29 Maret 2010

» Home » Suara Merdeka » Memetakan Empat Potensi Demak

Memetakan Empat Potensi Demak

MINGGU, 28 Maret lalu, Demak memasuki usia yang ke-507. Penetapan hari jadi itu berdasarkan rekomendasi tim peneliti sejarah berdirinya Kota Wali yang menyebutkan Raden Patah dinobatkan sebagai Sultan Demak pada 12 Rabiul Awal Tahun Caka 1425 (28 Maret 1503 M) sehingga tanggal tersebut ditetapkan sebagai hari jadi.

Prosesi peringatan hari jadi sehatinya bukan hanya seremonial melainkan perlu diisi dengan kegiatan yang kaya makna, sekaligus menjadi momentum bagi masyarakat untuk mengembalikan kejayaan daerahnya. Tentu bukan dalam arti menjadikan sebagai kerajaan melainkan menghadirkan spirit yang bisa mendorong kemajuan daerah sehingga meningkatkan kesejahteraan rakyat.


Hal ini penting karena hingga saat ini Demak masih dianggap sebagai daerah tertinggal bila dibandingkan dengan daerah lain, seperti kota Semarang, Kudus, dan Jepara. Padahal dulu Demak menjadi pusat kerajaan, sebagai kota besar yang roda perekonomiannya lebih maju dari daerah lainnya.

Untuk menggapai kembali kejayaan itu, perlu upaya pemberdayaan segenap potensi. Kunci keberhasilan pembangunan daerah bertumpu pada kekuatan lokal dan kebersamaan masyarakatnya. Selain itu, menuntut  kejelian stakeholders dalam melihat segala potensi agar dapat meningkatkan kesejahteraan daerah, baik yang berpengaruh langsung dengan aspek ekonomi maupun kesejahteraan masyarakatnya.
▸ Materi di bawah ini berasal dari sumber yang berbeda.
lemma edgesD:
  assumes "(p, u, v, q) \<in> edges"
  shows "p < Suc n \<and> q \<le> Suc n \<and> u \<in> lists X \<and> v \<in> lists (hat_alph Y)"
proof -
  have [simp]: "y0 \<in> Y \<Longrightarrow> y \<in> Y \<Longrightarrow> f (y0, y) < Suc n" for y0 y
    using f_less less_SucI by blast
  have [simp]: "y \<in> Y \<Longrightarrow> Pos y \<in> hat_alph Y \<and> Bar y \<in> hat_alph Y" for y
    unfolding hat_alph_def by blast
  have [dest]: "x \<in> set (word_of h) \<Longrightarrow> h \<in> H_e \<Longrightarrow> x \<in> X" for x h
    using word_of_lists by blast
  show ?thesis
    using assms unfolding edges_def start_edges_def pos_edges_def bar_edges_def stop_edges_def
    by (auto intro: less_imp_le_nat)
qed

definition rho :: "('x list \<times> 'y hat list) set" where
  "rho = {(u, v). trans_run edges n u v (Suc n)}"

lemma rational_transduction_rho: "rational_transduction X (hat_alph Y) rho"
proof -
  have "finite {..Suc n} \<and> finite edges \<and> n \<in> {..Suc n} \<and> {Suc n} \<subseteq> {..Suc n} \<and>
    (\<forall>(p, u, v, q) \<in> edges. p \<in> {..Suc n} \<and> q \<in> {..Suc n} \<and> u \<in> lists X \<and> v \<in> lists (hat_alph Y)) \<and>
    rho = {(u, v). \<exists>q\<in>{Suc n}. trans_run edges n u v q}"
    using finite_edges edgesD unfolding rho_def by fastforce
  then show ?thesis
    unfolding rational_transduction_def by (intro exI)
qed

lemma run_lists: "trans_run edges p u v q \<Longrightarrow> u \<in> lists X"
  by (induction rule: trans_run.induct) (auto dest: edgesD)

lemma run_from_final: "trans_run edges (Suc n) u v q \<Longrightarrow> u = [] \<and> v = []"
  by (erule trans_run.cases) (auto dest: edgesD)

lemma start_edge_cases:
  assumes "(n, u, v, q) \<in> edges"
  obtains y where "y \<in> Y" "u = word_of (e \<otimes> t y \<otimes> e)" "v = [Pos y]" "q = f (y, y)"
  using assms unfolding edges_def start_edges_def pos_edges_def bar_edges_def stop_edges_def
  by auto

abbreviation coord :: "'s \<Rightarrow> 'g" where
  "coord x \<equiv> phi (e \<otimes> x \<otimes> e)"

lemma coord_mult_eval_append:
  "x \<in> carrier S \<Longrightarrow> u \<in> lists X \<Longrightarrow> u' \<in> lists X \<Longrightarrow>
    coord x \<otimes>\<^bsub>G\<^esub> eval (u @ u') = (coord x \<otimes>\<^bsub>G\<^esub> eval u) \<otimes>\<^bsub>G\<^esub> eval u'"
  by (simp add: eval_append G.m_assoc)

abbreviation path :: "'s option \<Rightarrow> 'y hat list \<Rightarrow> 's option \<Rightarrow> bool" where
  "path a w b \<equiv> loop_path (carrier1 S) (mult1 S) Y (\<lambda>y. Some (t y)) a w b"

lemma None_in_carrier1 [simp]: "None \<in> carrier1 S"
  and Some_in_carrier1 [simp]: "Some x \<in> carrier1 S \<longleftrightarrow> x \<in> carrier S"
  unfolding carrier1_def by auto

lemma path_Pos: "x \<in> carrier S \<Longrightarrow> y \<in> Y \<Longrightarrow> path (Some (x \<otimes> t y)) w None \<Longrightarrow> path (Some x) (Pos y # w) None"
  using lp_pos[of "Some x" "carrier1 S" y Y "mult1 S" "\<lambda>y. Some (t y)"] by simp

lemma path_Bar: "x \<in> carrier S \<Longrightarrow> y \<in> Y \<Longrightarrow> path (Some x) w None \<Longrightarrow> path (Some (x \<otimes> t y)) (Bar y # w) None"
  using lp_bar[of "Some x" "carrier1 S" y Y "mult1 S" "\<lambda>y. Some (t y)"] by simp

lemma path_start: "y \<in> Y \<Longrightarrow> path (Some (t y)) w None \<Longrightarrow> path None (Pos y # w) None"
  using lp_pos[of None "carrier1 S" y Y "mult1 S" "\<lambda>y. Some (t y)"] by simp

lemma path_stop: "y \<in> Y \<Longrightarrow> path (Some (t y)) [Bar y] None"
  using lp_bar[OF None_in_carrier1 _ lp_nil[OF None_in_carrier1], of y Y "mult1 S" "\<lambda>y. Some (t y)"] by simp

lemma inner_edge_sound:
  assumes edge: "(f (y0, y), u, v, q) \<in> edges" and "q \<noteq> Suc n"
    and y0: "y0 \<in> Y" and y: "y \<in> Y" and x: "x \<in> H_class (t y0) (t y)"
  obtains y' x' where "y' \<in> Y" "q = f (y0, y')" "x' \<in> H_class (t y0) (t y')"
    "coord x' = coord x \<otimes>\<^bsub>G\<^esub> eval u"
    "\<And>w. path (Some x') w None \<Longrightarrow> path (Some x) (v @ w) None"
proof -
  have xC: "x \<in> carrier S" and xL: "green_L x (t y)"
    using H_classD[OF x] by auto
  have "(f (y0, y), u, v, q) \<in> pos_edges \<union> bar_edges"
    using edge \<open>q \<noteq> Suc n\<close> y0 y unfolding edges_def start_edges_def stop_edges_def by auto
  then consider
      (pos) y1 where "y1 \<in> Y" "u = word_of (sandwich_shift (t y) (t y1))" "v = [Pos y1]" "q = f (y0, y1)"
    | (bar) y' y1 where "y' \<in> Y" "y1 \<in> Y" "green_L (t y) (t y1)"
        "u = word_of (inv_e (sandwich_shift (t y') (t y1)))" "v = [Bar y1]" "q = f (y0, y')"
    using y0 y unfolding pos_edges_def bar_edges_def by (auto simp: f_eq_iff)
  then show ?thesis
  proof cases
    case pos
    show ?thesis
    proof (rule that[of y1 "x \<otimes> t y1"])
      show "x \<otimes> t y1 \<in> H_class (t y0) (t y1)"
        using H_class_mult[OF _ x] y0 pos(1) by simp
      show "coord (x \<otimes> t y1) = coord x \<otimes>\<^bsub>G\<^esub> eval u"
        using sandwich_mult[OF xC _ _ xL] xC y pos by simp
      show "path (Some x) (v @ w) None" if "path (Some (x \<otimes> t y1)) w None" for w
        using path_Pos[OF xC pos(1) that] pos(3) by simp
    qed (use pos in auto)
  next
    case bar
    obtain x' where x': "x' \<in> H_class (t y0) (t y')" "x' \<otimes> t y1 = x"
      "e \<otimes> x' \<otimes> e = e \<otimes> x \<otimes> e \<otimes> inv_e (sandwich_shift (t y') (t y1))"
      using right_quotient_in_H_class[OF _ _ _ bar(3) x, of "t y'"] y0 bar(1,2) by auto
    show ?thesis
    proof (rule that[of y' x'])
      show "coord x' = coord x \<otimes>\<^bsub>G\<^esub> eval u"
        using xC x'(3) bar(1,2,4) by simp
      show "path (Some x) (v @ w) None" if "path (Some x') w None" for w
        using path_Bar[OF H_classD(1)[OF x'(1)] bar(2) that] bar(5) x'(2) by simp
    qed (use bar x' in auto)
  qed
qed

lemma stop_edge_sound:
  assumes edge: "(f (y0, y), u, v, Suc n) \<in> edges"
    and y0: "y0 \<in> Y" and y: "y \<in> Y" and x: "x \<in> H_class (t y0) (t y)"
    and accept: "coord x \<otimes>\<^bsub>G\<^esub> eval u = \<one>\<^bsub>G\<^esub>"
  shows "path (Some x) v None"
proof -
  have xC: "x \<in> carrier S" using H_classD[OF x] by simp
  have "(f (y0, y), u, v, Suc n) \<in> stop_edges"
    using edge y0 y unfolding edges_def start_edges_def pos_edges_def bar_edges_def by auto
  then obtain y1 where y1: "y1 \<in> Y" "green_L (t y) (t y1)" "green_R (t y1) (t y0)"
    and uv: "u = word_of (inv_e (e \<otimes> t y1 \<otimes> e))" "v = [Bar y1]"
    using y0 y unfolding stop_edges_def by (auto simp: f_eq_iff)
  have "inv\<^bsub>G\<^esub> (inv\<^bsub>G\<^esub> coord (t y1)) = coord x"
    using accept uv(1) y1(1) xC by (intro G.inv_equality) simp_all
  then have "e \<otimes> t y1 \<otimes> e = e \<otimes> x \<otimes> e"
    using phi_inj y1(1) xC by (simp add: inj_on_def)
  moreover have "t y1 \<in> H_class (t y0) (t y1)"
    using y1 y0 unfolding H_class_def by (simp add: green_L_refl)
  moreover have "x \<in> H_class (t y0) (t y1)"
    using H_class_green_L[OF _ y1(2) x] y1(1) by simp
  ultimately have "t y1 = x"
    using sandwich_inj_on_H_class[of "t y0" "t y1" "t y1" x] y0 y1(1) by simp
  then show ?thesis
    using path_stop[OF y1(1)] uv(2) by simp
qed

lemma run_sound:
  assumes "trans_run edges p u v (Suc n)" "p = f (y0, y)" "y0 \<in> Y" "y \<in> Y"
    and "x \<in> H_class (t y0) (t y)" "coord x \<otimes>\<^bsub>G\<^esub> eval u = \<one>\<^bsub>G\<^esub>"
  shows "path (Some x) v None"
  using assms
proof (induction p u v "Suc n" arbitrary: y0 y x rule: trans_run.induct)
  case tr_nil
  then show ?case by simp
next
  case (tr_step p u1 v1 q u' v')
  have xC: "x \<in> carrier S" using H_classD[OF tr_step.prems(4)] by simp
  have lists: "u1 \<in> lists X" "u' \<in> lists X"
    using edgesD[OF tr_step.hyps(1)] run_lists[OF tr_step.hyps(2)] by auto
  show ?case
  proof (cases "q = Suc n")
    case True
    then have "u' = [] \<and> v' = []" using run_from_final tr_step.hyps(2) by simp
    then show ?thesis
      using stop_edge_sound[of y0 y u1 v1 x] tr_step True by simp
  next
    case False
    obtain y' x' where y': "y' \<in> Y" "q = f (y0, y')" "x' \<in> H_class (t y0) (t y')"
      and coord: "coord x' = coord x \<otimes>\<^bsub>G\<^esub> eval u1"
      and extend: "\<And>w. path (Some x') w None \<Longrightarrow> path (Some x) (v1 @ w) None"
      using inner_edge_sound[of y0 y u1 v1 q x] tr_step False by auto
    have "coord x' \<otimes>\<^bsub>G\<^esub> eval u' = \<one>\<^bsub>G\<^esub>"
      using tr_step.prems(5) coord_mult_eval_append[OF xC lists] coord by simp
    then show ?thesis
      using extend tr_step.hyps(3)[OF y'(2) tr_step.prems(2) y'(1,3)] by blast
  qed
qed

lemma primitive_loop_sound:
  assumes "(u, v) \<in> rho" and u: "u \<in> word_problem G X sg"
  shows "path None v None"
proof -
  have "trans_run edges n u v (Suc n)"
    using assms(1) unfolding rho_def by simp
  then obtain u1 v1 q u' v' where edge: "(n, u1, v1, q) \<in> edges"
    and run: "trans_run edges q u' v' (Suc n)" and uv: "u = u1 @ u'" "v = v1 @ v'"
    by (auto elim: trans_run.cases)
  obtain y where y: "y \<in> Y" "u1 = word_of (e \<otimes> t y \<otimes> e)" "v1 = [Pos y]" "q = f (y, y)"
    using start_edge_cases[OF edge] .
  have "coord (t y) \<otimes>\<^bsub>G\<^esub> eval u' = eval u"
    using y run_lists[OF run] by (simp add: uv(1) eval_append)
  also have "\<dots> = \<one>\<^bsub>G\<^esub>"
    using u unfolding word_problem_def by simp
  finally have "path (Some (t y)) v' None"
    using run_sound[OF run y(4) y(1) y(1) H_class_refl] y(1) by simp
  then show ?thesis
    using path_start y(1,3) uv(2) by simp
qed

abbreviation primitive_loops :: "'y hat list set" where
  "primitive_loops \<equiv> rel_image (word_problem G X sg) rho"

definition finishes :: "'y \<Rightarrow> 'y \<Rightarrow> 's \<Rightarrow> 'y hat list \<Rightarrow> bool" where
  "finishes y0 y x w \<longleftrightarrow> (\<exists>u w1 w2. w = w1 @ w2 \<and> trans_run edges (f (y0, y)) u w1 (Suc n) \<and>
     coord x \<otimes>\<^bsub>G\<^esub> eval u = \<one>\<^bsub>G\<^esub> \<and> w2 \<in> kleene primitive_loops)"

lemma finishes_edge:
  assumes edge: "(f (y0, y), u0, v0, f (y0, y')) \<in> edges" and x: "x \<in> carrier S"
    and coord: "coord x' = coord x \<otimes>\<^bsub>G\<^esub> eval u0" and "finishes y0 y' x' w"
  shows "finishes y0 y x (v0 @ w)"
proof -
  obtain u w1 w2 where w: "w = w1 @ w2" and run: "trans_run edges (f (y0, y')) u w1 (Suc n)"
    and accept: "coord x' \<otimes>\<^bsub>G\<^esub> eval u = \<one>\<^bsub>G\<^esub>" and w2: "w2 \<in> kleene primitive_loops"
    using \<open>finishes y0 y' x' w\<close> unfolding finishes_def by blast
  have "trans_run edges (f (y0, y)) (u0 @ u) (v0 @ w1) (Suc n)"
    using edge run by (rule tr_step)
  moreover have "coord x \<otimes>\<^bsub>G\<^esub> eval (u0 @ u) = \<one>\<^bsub>G\<^esub>"
    using coord_mult_eval_append[OF x _ run_lists[OF run], of u0] edgesD[OF edge] accept coord by simp
  ultimately show ?thesis
    unfolding finishes_def using w w2 by (intro exI[of _ "u0 @ u"] exI[of _ "v0 @ w1"] exI[of _ w2]) simp
qed

lemma finishes_start:
  assumes y: "y \<in> Y" and "finishes y y (t y) w"
  shows "Pos y # w \<in> kleene primitive_loops"
proof -
  obtain u w1 w2 where w: "w = w1 @ w2" and run: "trans_run edges (f (y, y)) u w1 (Suc n)"
    and accept: "coord (t y) \<otimes>\<^bsub>G\<^esub> eval u = \<one>\<^bsub>G\<^esub>" and w2: "w2 \<in> kleene primitive_loops"
    using \<open>finishes y y (t y) w\<close> unfolding finishes_def by blast
  define u0 where "u0 = word_of (e \<otimes> t y \<otimes> e)"
  have "(n, u0, [Pos y], f (y, y)) \<in> edges"
    using y unfolding edges_def start_edges_def u0_def by blast
  then have "trans_run edges n (u0 @ u) ([Pos y] @ w1) (Suc n)"
    using run by (rule tr_step)
  then have "(u0 @ u, [Pos y] @ w1) \<in> rho"
    unfolding rho_def by simp
  moreover have "u0 @ u \<in> word_problem G X sg"
    using y accept run_lists[OF run] unfolding word_problem_def u0_def by (simp add: eval_append)
  ultimately have "Pos y # w1 \<in> primitive_loops"
    unfolding rel_image_def by auto
  then show ?thesis
    using kleene_append[OF _ w2] w by fastforce
qed

lemma finishes_Pos:
  assumes y0: "y0 \<in> Y" and yc: "yc \<in> Y" and y: "y \<in> Y" and x: "x \<in> H_class (t y0) (t yc)"
    and "finishes y0 y (x \<otimes> t y) w"
  shows "finishes y0 yc x (Pos y # w)"
proof -
  have "(f (y0, yc), word_of (sandwich_shift (t yc) (t y)), [Pos y], f (y0, y)) \<in> edges"
    using y0 yc y unfolding edges_def pos_edges_def by blast
  moreover have "coord (x \<otimes> t y) = coord x \<otimes>\<^bsub>G\<^esub> eval (word_of (sandwich_shift (t yc) (t y)))"
    using sandwich_mult[of x "t yc" "t y"] H_classD[OF x] yc y by simp
  ultimately show ?thesis
    using finishes_edge[of y0 yc _ "[Pos y]" y x "x \<otimes> t y" w] H_classD(1)[OF x]
      \<open>finishes y0 y (x \<otimes> t y) w\<close> by simp
qed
Era otonomi daerah (otda) yang sedang bergulir di Indonesia secara langsung maupun tidak langsung membawa pengaruh yang cukup luas pada tatanan kehidupan masyarakat lokal, tak terkecuali Demak.

Kondisi ini telah memberikan suatu kesadaran baru bagi kalangan pemerintah daerah ataupun masyarakat, bahwa kita tidak bisa lagi membiarkan gelombang otonomi mengalir begitu saja tanpa upaya untuk mengarahkan dan mengisinya dengan tindakan nyata yang positif demi kemajuan wilayah.
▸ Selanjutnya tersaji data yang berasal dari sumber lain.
text \<open>The new colour of f is the pair (t, E a t), where a is
  the colour of f restricted to [k'] and t separates a from the colours of all restrictions
  near f; two adjacent f, g with the same pair would contradict that choice of t.\<close>
lemma colouring_round:
  assumes k': "1 \<le> k'" and D: "(2*l+1)^k' \<le> D" and s: "1 \<le> s" "M \<le> 2^s"
    and col_range: "\<forall>v\<in>partial_perms N k'. col v < M"
    and col_proper: "proper_colouring (partial_perms N k') (unc_adj N l k') col"
  shows "\<exists>col'. (\<forall>v\<in>partial_perms N (k'+l). col' v < 2*(D*s)*(D*s))
           \<and> proper_colouring (partial_perms N (k'+l)) (unc_adj N l (k'+l)) col'"
proof -
  define T where "T = D*s"
  have "1 \<le> D" using D by (metis le_trans one_le_power le_add2 add.commute)
  hence T1: "1 \<le> T" using s by (simp add: T_def)
  obtain E where E_range: "\<forall>a<M. \<forall>t<T. E a t < 2*T"
    and E_agree: "\<forall>a<M. \<forall>b<M. a \<noteq> b \<longrightarrow> card {t. t<T \<and> E a t = E b t} < s"
    using code_exists[OF T1 s(2)] by blast
  define r where "r f = restrict f {1..k'}" for f :: "nat \<Rightarrow> nat"
  define sep where "sep f t \<longleftrightarrow> t < T \<and>
    (\<forall>g\<in>near_restrictions N l k' f. col g \<noteq> col (r f) \<longrightarrow> E (col g) t \<noteq> E (col (r f)) t)" for f t
  define tf where "tf f = (LEAST t. sep f t)" for f
  define col' where "col' f = tf f * (2*T) + E (col (r f)) (tf f)" for f
  have r_mem: "r f \<in> partial_perms N k'" if "f \<in> partial_perms N (k'+l)" for f
    using restrict_partial_perm[OF that] by (simp add: r_def)
  have sep_tf: "sep f (tf f)" if "f \<in> partial_perms N (k'+l)" for f
    using separating_coordinate_near[OF D s(1) col_range E_agree[unfolded T_def] r_mem[OF that], of f]
    unfolding tf_def by (metis LeastI sep_def T_def)
  have letter: "E (col (r f)) (tf f) < 2*T" if "f \<in> partial_perms N (k'+l)" for f
    using E_range col_range r_mem[OF that] sep_tf[OF that] by (simp add: sep_def)
  have "col' f < 2*(D*s)*(D*s)" if f: "f \<in> partial_perms N (k'+l)" for f
  proof -
    have "col' f < (tf f + 1) * (2*T)" using letter[OF f] by (simp add: col'_def)
    also have "\<dots> \<le> T * (2*T)" using sep_tf[OF f] by (intro mult_right_mono) (auto simp: sep_def)
    finally show ?thesis by (simp add: T_def)
  qed
  moreover have "proper_colouring (partial_perms N (k'+l)) (unc_adj N l (k'+l)) col'"
    unfolding proper_colouring_def
  proof (intro ballI impI notI)
    fix f g assume f: "f \<in> partial_perms N (k'+l)" and g: "g \<in> partial_perms N (k'+l)"
      and adj: "unc_adj N l (k'+l) f g" and same: "col' f = col' g"
    have "col' f div (2*T) = tf f" "col' f mod (2*T) = E (col (r f)) (tf f)"
      "col' g div (2*T) = tf g" "col' g mod (2*T) = E (col (r g)) (tf g)"
      using letter[OF f] letter[OF g] by (simp_all add: col'_def)
    hence same_letter: "E (col (r g)) (tf f) = E (col (r f)) (tf f)" using same by metis
    have "unc_adj N l k' (r f) (r g)" unfolding r_def by (rule unc_adj_restrict[OF f g adj k']) simp
    hence "col (r f) \<noteq> col (r g)"
      using col_proper r_mem[OF f] r_mem[OF g] by (auto simp: proper_colouring_def)
    moreover have "r g \<in> near_restrictions N l k' f" unfolding r_def by (rule restrict_near[OF f g adj])
    ultimately show False using sep_tf[OF f] same_letter by (auto simp: sep_def)
  qed
  ultimately show ?thesis by blast
qed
Karena itu perlu kesungguhan dalam memberdayakan segenap potensi daerah. Ada beberapa potensi yang perlu dieksplorasi, pertama, potensi sejarah. Sebagai pusat kerajaan dan pusat perjuangan melawan penjajah, Demak mempunyai sejarah yang gemilang. Namun sejauh ini kekuatan sejarah belum mampu secara maksimal menjadi spirit bagi kemajuan masyarakatnya.

Bahkan letak bekas Keraton Demak belum diketahui secara pasti. Banyak sejarawan yang datang untuk meneliti dan mencari tahu keberadaan keraton, namun hingga kini lokasi pastinya masih mengundang pro dan kontra.

Mengulang Kejayaan

Padahal, menghadirkan situs dan silsilah kerajaan Demak pada masa kini sangat mungkin digunakan untuk mengubah situasi masyarakat yang tidak lagi ideal. Sebuah masyarakat yang jauh dari ketika kerajaan Demak didirikan oleh para wali, pada saat daerah itu dipimpin oleh Raden Patah, Patiunus, atau Trenggono. Mengulang kejayaan kerajaan Demak dalam kehidupan masa kini bukanlah hal yang mustahil.

Kedua, potensi sektor unggulan. Masyarakat harus mampu memetakan berbagai potensi yang dimiliki. Setidaknya, pemetaan potensi ini mengacu pada empat sektor unggulan yang sedang dan bakal digarap serius guna membangkitkan kembali kejayaan Demak. Keempat sektor tersebut adalah pertanian, perikanan dan kelautan, pariwisata, serta usaha mikro, kecil, dan menengah (UMKM).

Pertanian menjadi sektor yang mesti diprioritaskan mengingat sebagian besar masyarakat masih mengandalkan sumber nafkahnya dari sektor ini. Apalagi Demak menjadi lumbung padi terbesar ketiga di Ja-teng (setelah Cilacap dan Grobogan), serta salah satu sentra penghasil kacang hijau terbesar di Indonesia.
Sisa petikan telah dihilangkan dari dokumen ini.